Section 18 of the Town Planning and Development Act

  1. The relevant parts of s 18 of the TPD Act provide as follows:

    "(2)A person may make representations to the Minister if the person is aggrieved by the failure of a local government to ‑

    (a)enforce effectively the observance of a town planning scheme in force under this Act, or any of the provisions of the scheme; or

    (b)execute any works, which under the scheme or this Act, the local government is required to execute.

    (2a)The Minister may determine not to take any action in response to the representations or, if the Minister considers it appropriate to do so, the Minister may refer the representations to the State Administrative Tribunal for its report and recommendations.

    (2b)For the purpose of making a report and recommendations on a referral under subsection (2a), Pt V applies, with such modifications as may be necessary, as if the referral were an application for review.

    (2c)If after holding an inquiry or receiving a report and recommendations from the State Administrative Tribunal, the Minister is satisfied that the local government has failed -

    (a)to enforce effectively the observance of a scheme or a provision of a scheme; or

    (b)to execute any works which the local government is required under a scheme or this Act to execute,

    the Minister may order the local government to do all things necessary to enforce the observance of the scheme or provision or to execute the works."

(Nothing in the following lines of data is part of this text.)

(* Let $\Omega\subset\mathbb{R}^n$ be bounded. If $\varphi\in\Phi_{\mathrm w}(\Omega)$ satisfies condition (A1), then it satisfies conditions (A0) and (A2).
   Context: A function $f:[0,\infty)\to[0,\infty]$ is $a$-almost increasing ($a\ge1$) if $f(s)\le a f(t)$ for all $s\le t$. A function $\varphi:\Omega\times[0,\infty)\to[0,\infty]$ is a weak $\Phi$-function, $\varphi\in\Phi_{\mathrm w}(\Omega)$, if for a.e. $x\in\Omega$: $x\mapsto\varphi(x,|f(x)|)$ is measurable for every measurable $f:\Omega\to\mathbb{R}$; $t\mapsto\varphi(x,t)$ is increasing (non-decreasing); $\varphi(x,0)=\lim_{t\to0^+}\varphi(x,t)=0$ and $\lim_{t\to\infty}\varphi(x,t)=\infty$; and $t\mapsto\varphi(x,t)/t$ is $a$-almost increasing on $(0,\infty)$ with $a\ge1$ independent of $x$. The left-inverse is $\varphi^{-1}(x,\tau):=\inf\{t\ge0:\varphi(x,t)\ge\tau\}$. Condition (A0): there exists $\beta\in(0,1]$ with $\beta\le\varphi^{-1}(x,1)\le1/\beta$ for a.e. $x\in\Omega$. Condition (A1): there exists $\beta\in(0,1]$ such that for every ball $B\subset\mathbb{R}^n$ and a.e. $x,y\in\Omega\cap B$, $\beta\varphi^{-1}(x,\tau)\le\varphi^{-1}(y,\tau)$ for all $\tau\in[1,1/|B|]$. Condition (A2): for every $\sigma>0$ there exist $\beta\in(0,1]$ and $h\in L^1(\Omega)\cap L^\infty(\Omega)$, $h\ge0$, such that for a.e. $x,y\in\Omega$, $\beta\varphi^{-1}(x,\tau)\le\varphi^{-1}(y,\tau+h(x)+h(y))$ for all $\tau\in[0,\sigma]$. *)

theory Defs
  imports "HOL-Analysis.Analysis"
begin

text \<open>Generalized Orlicz functions \<open>\<phi> :: 'a \<Rightarrow> real \<Rightarrow> ennreal\<close> on \<open>\<Omega> \<subseteq> \<real>\<^sup>n\<close>
  (the type \<open>'a\<close> is a Euclidean space); only arguments \<open>t \<ge> 0\<close> matter.
  "For a.e. x in \<Omega>" is rendered as \<open>AE x in lebesgue. x \<in> \<Omega> \<longrightarrow> \<dots>\<close>.\<close>

definition almost_increasing_quot :: "real \<Rightarrow> (real \<Rightarrow> ennreal) \<Rightarrow> bool" where
  "almost_increasing_quot a f \<longleftrightarrow>
     (\<forall>s t. 0 < s \<and> s \<le> t \<longrightarrow> f s / ennreal s \<le> ennreal a * (f t / ennreal t))"

definition weak_Phi :: "'a::euclidean_space set \<Rightarrow> ('a \<Rightarrow> real \<Rightarrow> ennreal) \<Rightarrow> bool" where
  "weak_Phi \<Omega> \<phi> \<longleftrightarrow>
     (\<forall>f::'a \<Rightarrow> real. f \<in> borel_measurable (lebesgue_on \<Omega>) \<longrightarrow>
         (\<lambda>x. \<phi> x \<bar>f x\<bar>) \<in> borel_measurable (lebesgue_on \<Omega>)) \<and>
     (\<exists>a\<ge>1. AE x in lebesgue. x \<in> \<Omega> \<longrightarrow>
         (\<forall>s t. 0 \<le> s \<and> s \<le> t \<longrightarrow> \<phi> x s \<le> \<phi> x t) \<and>
         \<phi> x 0 = 0 \<and> (\<phi> x \<longlongrightarrow> 0) (at_right 0) \<and>
         (\<phi> x \<longlongrightarrow> \<infinity>) at_top \<and>
         almost_increasing_quot a (\<phi> x))"

definition phi_inv :: "('a \<Rightarrow> real \<Rightarrow> ennreal) \<Rightarrow> 'a \<Rightarrow> real \<Rightarrow> real" where
  "phi_inv \<phi> x \<tau> = Inf {t. 0 \<le> t \<and> ennreal \<tau> \<le> \<phi> x t}"
lemma slope_mono_on_piece:
  assumes "real_of_int k \<le> t" "t \<le> t'" "t' \<le> real_of_int k + 1" "t' < real n + 1"
  shows "P k / QL t \<le> P k / QL t'"
proof -
  have "0 < QL t'" "QL t' \<le> QL t"
    using assms Qlin_pos_iff Qlin_antimono_on_piece[of k t t'] by auto
  then show ?thesis
    using pj_nonneg by (intro divide_left_mono) auto
qed

definition hazard :: "int \<Rightarrow> real" where
  "hazard k = P k / Q k"

lemma hazard_le_slope:
  assumes "real_of_int k \<le> t" "t \<le> real_of_int k + 1" "t < real n + 1"
  shows "hazard k \<le> P k / QL t"
  using slope_mono_on_piece[of k "real_of_int k" t] assms by (simp add: hazard_def Qlin_of_int)

lemma slope_le_end_slope:
  assumes "real_of_int k \<le> t" "t \<le> real_of_int k + 1" "k + 1 \<le> int n"
  shows "P k / QL t \<le> P k / Q (k + 1)"
  using slope_mono_on_piece[of k t "real_of_int k + 1"] assms Qlin_of_int[of n p "k + 1"] by simp

lemma hazard_le_end_slope:
  assumes "k + 1 \<le> int n"
  shows "hazard k \<le> P k / Q (k + 1)"
  using hazard_le_slope[of k "real_of_int k + 1"] assms Qlin_of_int[of n p "k + 1"] by simp

lemma end_slope_le_hazard_next:
  assumes "0 \<le> k" "k + 1 < js"
  shows "P k / Q (k + 1) \<le> hazard (k + 1)"
  unfolding hazard_def using pj_mono_below_jstar[of "k + 1"] assms qj_pos[of "k + 1"] jstar_le
  by (intro divide_right_mono) auto

lemma hazard_mono:
  assumes "0 \<le> k" "k \<le> k'" "k' < js"
  shows "hazard k \<le> hazard k'"
  using assms(2,3)
proof (induction k' rule: int_ge_induct)
  case (step i)
  have "hazard i \<le> P i / Q (i + 1)"
    using hazard_le_end_slope[of i] step.prems jstar_le by simp
  also have "\<dots> \<le> hazard (i + 1)"
    using end_slope_le_hazard_next[of i] step assms(1) by simp
  finally show ?case
    using step by simp
qed simp

lemma tilt_le_piece_start:
  assumes "\<sigma> \<le> hazard k" "real_of_int k \<le> s" "s \<le> real_of_int k + 1" "s < real n + 1"
    and "k \<le> int n"
  shows "tilt \<sigma> s \<le> tilt \<sigma> (real_of_int k)"
  using assms by (intro tilt_le_on_piece[of k])
    (auto simp: Qlin_of_int hazard_def intro: mult_nonpos_nonneg)

lemma tilt_le_piece_end:
  assumes "P k / Q (k + 1) \<le> \<sigma>" "real_of_int k \<le> s" "s \<le> real_of_int k + 1"
    and "k + 1 \<le> int n"
  shows "tilt \<sigma> s \<le> tilt \<sigma> (real_of_int k + 1)"
  using assms Qlin_of_int[of n p "k + 1"]
  by (intro tilt_le_on_piece[of k]) (auto intro: mult_nonneg_nonpos)

lemma tilt_increasing_upto:
  assumes "0 \<le> m" "m < js" "hazard m \<le> \<sigma>" "s \<le> real_of_int m"
  shows "tilt \<sigma> s \<le> tilt \<sigma> (real_of_int m)"
  using assms
proof (induction m arbitrary: s rule: int_ge_induct)
  case base
  have "0 \<le> hazard 0"
    unfolding hazard_def by (intro divide_nonneg_nonneg pj_nonneg qj_nonneg)
  then have "0 \<le> \<sigma>"
    using base by linarith
  then show ?case
    using base by (simp add: tilt_def Qlin_eq_1 mult_nonneg_nonpos)
next
  case (step i)
  have "P i / Q (i + 1) \<le> \<sigma>"
    using end_slope_le_hazard_next[of i] step by simp
  then have piece: "tilt \<sigma> x \<le> tilt \<sigma> (real_of_int i + 1)"
    if "real_of_int i \<le> x" "x \<le> real_of_int i + 1" for x
    using that step jstar_le by (intro tilt_le_piece_end) auto
  show ?case
  proof (cases "s \<le> real_of_int i")
    case True
    have "hazard i \<le> \<sigma>"
      using hazard_le_end_slope[of i] \<open>P i / Q (i + 1) \<le> \<sigma>\<close> step jstar_le by simp
    then have "tilt \<sigma> s \<le> tilt \<sigma> (real_of_int i)"
      using step True by simp
    also have "\<dots> \<le> tilt \<sigma> (real_of_int i + 1)"
      using piece by simp
    finally show ?thesis
      by simp
  qed (use piece step in auto)
qed

lemma tilt_decreasing_from:
  assumes "0 \<le> m" "m < js" "\<sigma> \<le> hazard m" "real_of_int m \<le> s" "s \<le> real_of_int js"
    and "s < real n + 1"
  shows "tilt \<sigma> s \<le> tilt \<sigma> (real_of_int m)"
proof -
  have "m \<le> js - 1"
    using assms(2) by simp
  then show ?thesis
    using assms(1,3-6)
  proof (induction m arbitrary: s rule: int_le_induct)
    case base
    then show ?case
      using jstar_le by (intro tilt_le_piece_start) auto
  next
    case (step i)
    have "\<sigma> \<le> hazard i"
      using step hazard_mono[of "i - 1" i] by simp
    show ?case
    proof (cases "s \<le> real_of_int i")
      case False
      then have "tilt \<sigma> s \<le> tilt \<sigma> (real_of_int i)"
        using step \<open>\<sigma> \<le> hazard i\<close> by simp
      also have "\<dots> \<le> tilt \<sigma> (real_of_int (i - 1))"
        using step jstar_le by (intro tilt_le_piece_start) auto
      finally show ?thesis .
    next
      case True
      then show ?thesis
        using step jstar_le by (intro tilt_le_piece_start) auto
    qed
  qed
qed
lemma local_maximizer_contains_initial:
  assumes loc: "is_local_maximizer n A" and "1 \<le> t" "2 * t \<le> card A"
  shows "t \<in> A"
proof (rule ccontr)
  assume "t \<notin> A"
  have sub: "A \<subseteq> {1..n}" using loc by (rule local_maximizer_subset)
  then have fin: "finite A" by (rule finite_subset) simp
  have "{a\<in>A. a < t} \<subseteq> {1..<t}" using sub by auto
  from card_mono[OF finite_atLeastLessThan this]
  have few_below: "card {a\<in>A. a < t} < t"
    using assms(2) by simp
  define X where "X = {a\<in>A. t < a}"
  have "finite X" using fin X_def by simp
  have "A = {a\<in>A. a < t} \<union> X"
    using \<open>t \<notin> A\<close> X_def by (auto simp: nat_neq_iff)
  then have "card A \<le> card {a\<in>A. a < t} + card X"
    by (metis card_Un_le)
  then have "X \<noteq> {}" using few_below assms(3) by auto
  define u where "u = Min X"
  have "u \<in> X" using Min_in[OF \<open>finite X\<close> \<open>X \<noteq> {}\<close>] u_def by simp
  then have "u \<in> A" "t < u" using X_def by auto
  then obtain w where "u = Suc w" "t \<le> w" by (cases u) auto
  have minimal: "\<not> t < a" if "a \<in> A" "a < u" for a
    using that Min_le[OF \<open>finite X\<close>, of a] u_def X_def by auto
  have "w \<notin> A" using minimal \<open>t \<notin> A\<close> \<open>u = Suc w\<close> \<open>t \<le> w\<close> by (auto simp: le_less)
  have "{a\<in>A. a < u} = {a\<in>A. a < t}"
    using minimal \<open>t < u\<close> \<open>t \<notin> A\<close> by (auto simp: not_less le_less)
  then have "card A \<le> 2 * card {a\<in>A. a < t} + 1"
    using local_maximizer_card_below[OF loc _ \<open>w \<notin> A\<close>] \<open>u \<in> A\<close> \<open>u = Suc w\<close>
      \<open>t \<le> w\<close> assms(2)
    by simp
  then show False using few_below assms(3) by simp
qed

lemma inj_on_reflect: "inj_on (\<lambda>x. Suc n - x) {..Suc n}"
  by (intro inj_onI) (metis atMost_iff diff_diff_cancel)

lemma W_reflect:
  assumes "B \<subseteq> {..Suc n}"
  shows "W ((\<lambda>x. Suc n - x) ` B) = W B"
proof (rule W_image_isometry)
  show "finite B" using assms by (rule finite_subset) simp
  show "inj_on (\<lambda>x. Suc n - x) B"
    using assms by (rule inj_on_subset[OF inj_on_reflect])
  show "path_dist (Suc n - a) (Suc n - b) = path_dist a b" if "a \<in> B" "b \<in> B" for a b
    using assms that by (auto simp: path_dist_def)
qed
text \<open>Flatness of a submodule M of R (viewed as R-module), via the equational
  criterion of flatness: every relation sum r_i x_i = 0 with x_i in M is trivial.\<close>
definition flat_submodule :: "'a::comm_ring_1 set \<Rightarrow> bool" where
  "flat_submodule M \<longleftrightarrow>
     (\<forall>(k::nat) (r::nat \<Rightarrow> 'a) x.
        (\<forall>i<k. x i \<in> M) \<and> (\<Sum>i<k. r i * x i) = 0 \<longrightarrow>
        (\<exists>(m::nat) (y::nat \<Rightarrow> 'a) (a::nat \<Rightarrow> nat \<Rightarrow> 'a).
           (\<forall>j<m. y j \<in> M) \<and>
           (\<forall>i<k. x i = (\<Sum>j<m. a i j * y j)) \<and>
           (\<forall>j<m. (\<Sum>i<k. r i * a i j) = 0)))"

definition GPF_ring :: "'a::comm_ring_1 itself \<Rightarrow> bool" where
  "GPF_ring _ \<longleftrightarrow> (\<forall>f::'a. \<exists>n\<ge>1. flat_submodule (principal (f ^ n)))"

definition quasi_pure :: "'a::comm_ring_1 set \<Rightarrow> bool" where
  "quasi_pure I \<longleftrightarrow> (\<forall>f\<in>I. \<exists>g\<in>I. nilpotent (f * (1 - g)))"

definition quasi_pf_ring :: "'a::comm_ring_1 itself \<Rightarrow> bool" where
  "quasi_pf_ring _ \<longleftrightarrow> (\<forall>f::'a. quasi_pure (Ann f))"

definition mp_ring :: "'a::comm_ring_1 itself \<Rightarrow> bool" where
  "mp_ring _ \<longleftrightarrow> (\<forall>P::'a set. prime_ideal P \<longrightarrow> (\<exists>!Q. minimal_prime Q \<and> Q \<subseteq> P))"

end

theory Submission
  imports Defs
begin

text \<open>(i) If \<open>h f = 0\<close> and \<open>R h\<^sup>n\<close> is flat, the equational criterion applied to the relation
  \<open>f \<cdot> h\<^sup>n = 0\<close> produces \<open>c \<in> Ann f\<close> with \<open>h\<^sup>n = c h\<^sup>n\<close>, so \<open>h (1 - c)\<close> is nilpotent.
  (ii) Every element \<open>x\<close> of a minimal prime \<open>Q\<close> satisfies \<open>s x\<^sup>k = 0\<close> for some \<open>s \<notin> Q\<close>.
  Quasi-purity of \<open>Ann (x\<^sup>k)\<close> yields \<open>g\<close> with \<open>g x\<^sup>k = 0\<close> and \<open>s (1 - g)\<close> nilpotent, so
  \<open>1 - g \<in> Q\<close>, while \<open>g\<close> lies in every prime avoiding \<open>x\<close>. Hence a second minimal prime
  below the same prime \<open>P\<close> cannot miss \<open>x\<close>, for otherwise \<open>g\<close> and \<open>1 - g\<close> both lie in \<open>P\<close>.\<close>

lemma is_ideal_zero: "is_ideal I \<Longrightarrow> 0 \<in> I"
  unfolding is_ideal_def by blast

lemma is_ideal_add: "is_ideal I \<Longrightarrow> x \<in> I \<Longrightarrow> y \<in> I \<Longrightarrow> x + y \<in> I"
  unfolding is_ideal_def by blast

lemma is_ideal_mult_left: "is_ideal I \<Longrightarrow> x \<in> I \<Longrightarrow> r * x \<in> I"
  unfolding is_ideal_def by blast

lemma is_ideal_mult_right: "is_ideal I \<Longrightarrow> x \<in> I \<Longrightarrow> x * r \<in> I"
  using is_ideal_mult_left by (metis mult.commute)

lemma prime_ideal_is_ideal: "prime_ideal P \<Longrightarrow> is_ideal P"
  unfolding prime_ideal_def by blast

lemma prime_ideal_one_notin: "prime_ideal P \<Longrightarrow> 1 \<notin> P"
  unfolding prime_ideal_def using is_ideal_mult_left by (metis UNIV_eq_I mult.right_neutral)

lemma prime_ideal_mult_cases: "prime_ideal P \<Longrightarrow> a * b \<in> P \<Longrightarrow> a \<in> P \<or> b \<in> P"
  unfolding prime_ideal_def by blast

lemma prime_ideal_power_mem: "prime_ideal P \<Longrightarrow> x ^ k \<in> P \<Longrightarrow> x \<in> P"
  by (induction k) (auto dest: prime_ideal_one_notin prime_ideal_mult_cases)

lemma prime_ideal_nilpotent_mem: "prime_ideal P \<Longrightarrow> nilpotent x \<Longrightarrow> x \<in> P"
  unfolding nilpotent_def
  by (metis prime_ideal_power_mem prime_ideal_is_ideal is_ideal_zero)

lemma flat_principal_annihilator:
  fixes a r :: "'a::comm_ring_1"
  assumes flat: "flat_submodule (principal a)" and ra: "r * a = 0"
  shows "\<exists>c. r * c = 0 \<and> c * a = a"
proof -
  have "a \<in> principal a"
    unfolding principal_def by (metis (mono_tags, lifting) mem_Collect_eq mult_1)
  with ra obtain m y and e :: "nat \<Rightarrow> nat \<Rightarrow> 'a"
    where y: "\<forall>j<m. y j \<in> principal a"
      and a_eq: "a = (\<Sum>j<m. e 0 j * y j)"
      and rel: "\<forall>j<m. r * e 0 j = 0"
    using flat unfolding flat_submodule_def
    by (elim allE[where x = 1] allE[where x = "\<lambda>_. r"] allE[where x = "\<lambda>_. a"]) auto
  have "\<forall>j<m. \<exists>s. y j = s * a"
    using y unfolding principal_def by blast
  then obtain s where s: "\<forall>j<m. y j = s j * a"
    by metis
  define c where "c = (\<Sum>j<m. e 0 j * s j)"
  have "c * a = (\<Sum>j<m. e 0 j * y j)"
    unfolding c_def sum_distrib_right by (rule sum.cong) (simp_all add: s mult.assoc)
  moreover have "r * c = (\<Sum>j<m. (r * e 0 j) * s j)"
    unfolding c_def sum_distrib_left by (simp add: mult.assoc)
  ultimately show ?thesis
    using a_eq rel by auto
qed

lemma GPF_ring_imp_quasi_pf_ring:
  assumes "GPF_ring TYPE('a::comm_ring_1)"
  shows "quasi_pf_ring TYPE('a)"
  unfolding quasi_pf_ring_def quasi_pure_def
proof (intro allI ballI)
  fix f h :: 'a
  assume "h \<in> Ann f"
  then have hf: "f * h = 0"
    by (simp add: Ann_def mult.commute)
  from assms obtain n where "n \<ge> 1" and flat: "flat_submodule (principal (h ^ n))"
    unfolding GPF_ring_def by blast
  then obtain n' where n: "n = Suc n'"
    using not0_implies_Suc by force
  have "f * h ^ n = 0"
    using hf by (metis n power_Suc mult.assoc mult_zero_left)
  then obtain c where cf: "f * c = 0" and ch: "c * h ^ n = h ^ n"
    using flat_principal_annihilator[OF flat] by blast
  have "(h * (1 - c)) ^ n = (1 - c) ^ n' * ((1 - c) * h ^ n)"
    by (simp only: n power_mult_distrib power_Suc ac_simps)
  also have "\<dots> = 0"
    using ch by (simp add: left_diff_distrib)
  finally have "nilpotent (h * (1 - c))"
    unfolding nilpotent_def by blast
  moreover have "c \<in> Ann f"
    using cf by (simp add: Ann_def mult.commute)
  ultimately show "\<exists>g\<in>Ann f. nilpotent (h * (1 - g))"
    by blast
qed

lemma prime_ideal_Inter_chain:
  assumes chain: "subset.chain {P. prime_ideal P} D" and "D \<noteq> {}"
  shows "prime_ideal (\<Inter>D)"
proof -
  have primes: "\<forall>P\<in>D. prime_ideal P" and comparable: "\<forall>P\<in>D. \<forall>Q\<in>D. P \<subseteq> Q \<or> Q \<subseteq> P"
    using chain unfolding subset_chain_def by auto
  have ideals: "\<forall>P\<in>D. is_ideal P"
    using primes prime_ideal_is_ideal by blast
  have "is_ideal (\<Inter>D)"
    unfolding is_ideal_def
  proof (intro conjI ballI allI)
    show "0 \<in> \<Inter>D"
      using ideals is_ideal_zero by blast
    show "x + y \<in> \<Inter>D" if "x \<in> \<Inter>D" "y \<in> \<Inter>D" for x y
      using that ideals is_ideal_add by blast
    show "r * x \<in> \<Inter>D" if "x \<in> \<Inter>D" for r x
      using that ideals is_ideal_mult_left by blast
  qed
  moreover have "\<Inter>D \<noteq> UNIV"
    using \<open>D \<noteq> {}\<close> primes prime_ideal_one_notin by blast
  moreover have "a \<in> \<Inter>D \<or> b \<in> \<Inter>D" if ab: "a * b \<in> \<Inter>D" for a b
  proof (rule ccontr)
    assume "\<not> (a \<in> \<Inter>D \<or> b \<in> \<Inter>D)"
    then obtain P Q where PQ: "P \<in> D" "Q \<in> D" "a \<notin> P" "b \<notin> Q"
      by blast
    moreover have "a \<in> P \<or> b \<in> P" "a \<in> Q \<or> b \<in> Q"
      using ab PQ primes prime_ideal_mult_cases by blast+
    moreover have "P \<subseteq> Q \<or> Q \<subseteq> P"
      using comparable PQ by blast
    ultimately show False
      by blast
  qed
  ultimately show ?thesis
    unfolding prime_ideal_def by blast
qed

lemma exists_minimal_prime_below:
  assumes P: "prime_ideal P"
  shows "\<exists>Q. minimal_prime Q \<and> Q \<subseteq> P"
proof -
  \<comment> \<open>Zorn's lemma for inclusion-minimal elements, applied through complements.\<close>
  let ?A = "uminus ` {Q. prime_ideal Q \<and> Q \<subseteq> P}"
  have "\<exists>M\<in>?A. \<forall>X\<in>?A. M \<subseteq> X \<longrightarrow> X = M"
  proof (rule subset_Zorn_nonempty)
    show "?A \<noteq> {}"
      using P by blast
  next
    fix C
    assume "C \<noteq> {}" and "subset.chain ?A C"
    then have D: "uminus ` C \<noteq> {}" "subset.chain {Q. prime_ideal Q} (uminus ` C)"
      "\<forall>Q\<in>uminus ` C. Q \<subseteq> P"
      unfolding subset_chain_def by auto
    have "\<Inter>(uminus ` C) \<in> {Q. prime_ideal Q \<and> Q \<subseteq> P}"
      using prime_ideal_Inter_chain[OF D(2,1)] D(1,3) by blast
    then have "- \<Inter>(uminus ` C) \<in> ?A"
      by (rule imageI)
    moreover have "- \<Inter>(uminus ` C) = \<Union>C"
      by auto
    ultimately show "\<Union>C \<in> ?A"
      by simp
  qed
  then obtain Q where Q: "prime_ideal Q" "Q \<subseteq> P"
    and min: "\<forall>X\<in>?A. - Q \<subseteq> X \<longrightarrow> X = - Q"
    by blast
  have "minimal_prime Q"
    unfolding minimal_prime_def
  proof (intro conjI allI impI)
    fix Q'
    assume "prime_ideal Q' \<and> Q' \<subseteq> Q"
    then have "- Q' \<in> ?A" "- Q \<subseteq> - Q'"
      using Q by auto
    then have "- Q' = - Q"
      using min by blast
    then show "Q' = Q"
      by simp
  qed (fact Q(1))
  with Q show ?thesis
    by blast
qed

definition ideal_adjoin :: "'a::comm_ring_1 set \<Rightarrow> 'a \<Rightarrow> 'a set" where
  "ideal_adjoin I a = {m + r * a | m r. m \<in> I}"

lemma is_ideal_ideal_adjoin:
  assumes I: "is_ideal I"
  shows "is_ideal (ideal_adjoin I a)"
  unfolding is_ideal_def ideal_adjoin_def
proof (intro conjI ballI allI)
  have "0 = 0 + 0 * a"
    by simp
  with is_ideal_zero[OF I] show "0 \<in> {m + r * a | m r. m \<in> I}"
    by blast
next
  fix x y
  assume "x \<in> {m + r * a | m r. m \<in> I}" "y \<in> {m + r * a | m r. m \<in> I}"
  then obtain m1 r1 m2 r2 where "x = m1 + r1 * a" "y = m2 + r2 * a" "m1 \<in> I" "m2 \<in> I"
    by blast
  then have "x + y = (m1 + m2) + (r1 + r2) * a" "m1 + m2 \<in> I"
    using is_ideal_add[OF I] by (auto simp: algebra_simps)
  then show "x + y \<in> {m + r * a | m r. m \<in> I}"
    by blast
next
  fix s x
  assume "x \<in> {m + r * a | m r. m \<in> I}"
  then obtain m r where "x = m + r * a" "m \<in> I"
    by blast
  then have "s * x = s * m + (s * r) * a" "s * m \<in> I"
    using is_ideal_mult_left[OF I] by (auto simp: algebra_simps)
  then show "s * x \<in> {m + r * a | m r. m \<in> I}"
    by blast
qed


lemma subset_ideal_adjoin: "I \<subseteq> ideal_adjoin I a"
proof
  fix x
  assume "x \<in> I"
  moreover have "x = x + 0 * a"
    by simp
  ultimately show "x \<in> ideal_adjoin I a"
    unfolding ideal_adjoin_def by blast
qed

lemma mem_ideal_adjoin: "is_ideal I \<Longrightarrow> a \<in> ideal_adjoin I a"
  unfolding ideal_adjoin_def by (metis (mono_tags, lifting) is_ideal_zero add_0 mem_Collect_eq mult_1)

lemma is_ideal_Union_chain:
  assumes chain: "subset.chain {I. is_ideal I} C" and "C \<noteq> {}"
  shows "is_ideal (\<Union>C)"
  unfolding is_ideal_def
proof (intro conjI ballI allI)
  have ideals: "\<forall>I\<in>C. is_ideal I" and comparable: "\<forall>I\<in>C. \<forall>J\<in>C. I \<subseteq> J \<or> J \<subseteq> I"
    using chain unfolding subset_chain_def by auto
  show "0 \<in> \<Union>C"
    using \<open>C \<noteq> {}\<close> ideals is_ideal_zero by blast
  show "r * x \<in> \<Union>C" if "x \<in> \<Union>C" for r x
    using that ideals is_ideal_mult_left by blast
  fix x y
  assume "x \<in> \<Union>C" "y \<in> \<Union>C"
  then have "\<exists>I\<in>C. x \<in> I \<and> y \<in> I"
    using comparable by blast
  then show "x + y \<in> \<Union>C"
    using ideals is_ideal_add by blast
qed

lemma maximal_ideal_disjoint_imp_prime:
  assumes M: "is_ideal M" and disj: "M \<inter> S = {}"
    and one: "1 \<in> S" and mult: "\<And>s t. s \<in> S \<Longrightarrow> t \<in> S \<Longrightarrow> s * t \<in> S"
    and max: "\<And>I. is_ideal I \<Longrightarrow> I \<inter> S = {} \<Longrightarrow> M \<subseteq> I \<Longrightarrow> I = M"
  shows "prime_ideal M"
  unfolding prime_ideal_def
proof (intro conjI allI impI)
  show "M \<noteq> UNIV"
    using one disj by blast
  have meets: "\<exists>m r. m \<in> M \<and> m + r * a \<in> S" if "a \<notin> M" for a
  proof -
    have "ideal_adjoin M a \<noteq> M"
      using mem_ideal_adjoin[OF M] that by blast
    then have "ideal_adjoin M a \<inter> S \<noteq> {}"
      using max[OF is_ideal_ideal_adjoin[OF M] _ subset_ideal_adjoin] by blast
    then show ?thesis
      unfolding ideal_adjoin_def by blast
  qed
  fix a b
  assume ab: "a * b \<in> M"
  show "a \<in> M \<or> b \<in> M"
  proof (rule ccontr)
    assume "\<not> (a \<in> M \<or> b \<in> M)"
    then obtain m1 r1 m2 r2 where m: "m1 \<in> M" "m2 \<in> M"
      and S: "m1 + r1 * a \<in> S" "m2 + r2 * b \<in> S"
      using meets[of a] meets[of b] by blast
    have "(m1 + r1 * a) * (m2 + r2 * b) = m1 * (m2 + r2 * b) + m2 * (r1 * a) + (a * b) * (r1 * r2)"
      by (simp add: algebra_simps)
    also have "\<dots> \<in> M"
      using m ab is_ideal_mult_right[OF M] by (intro is_ideal_add[OF M]) blast+
    finally show False
      using mult[OF S] disj by blast
  qed
qed (fact M)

  2. These provisions were in substantially the same terms when the applicant made his representations to the Minister and the Minister referred the representations to the Town Planning Appeal Tribunal.

Consideration of the application

  1. In its written submissions, the first respondent advanced two alternative arguments. First, it contended that the sole question which had been referred by the Minister to the Tribunal was that identified in the final paragraph of the Minister's letter to the applicant dated 22 December 2004, namely whether "there ha[d] been a technical breach of the building height provisions" of TPS 5, and that this "in effect ask[ed] the Tribunal to provide an advisory opinion, outside the scope of section 18(2)" of the TPD Act.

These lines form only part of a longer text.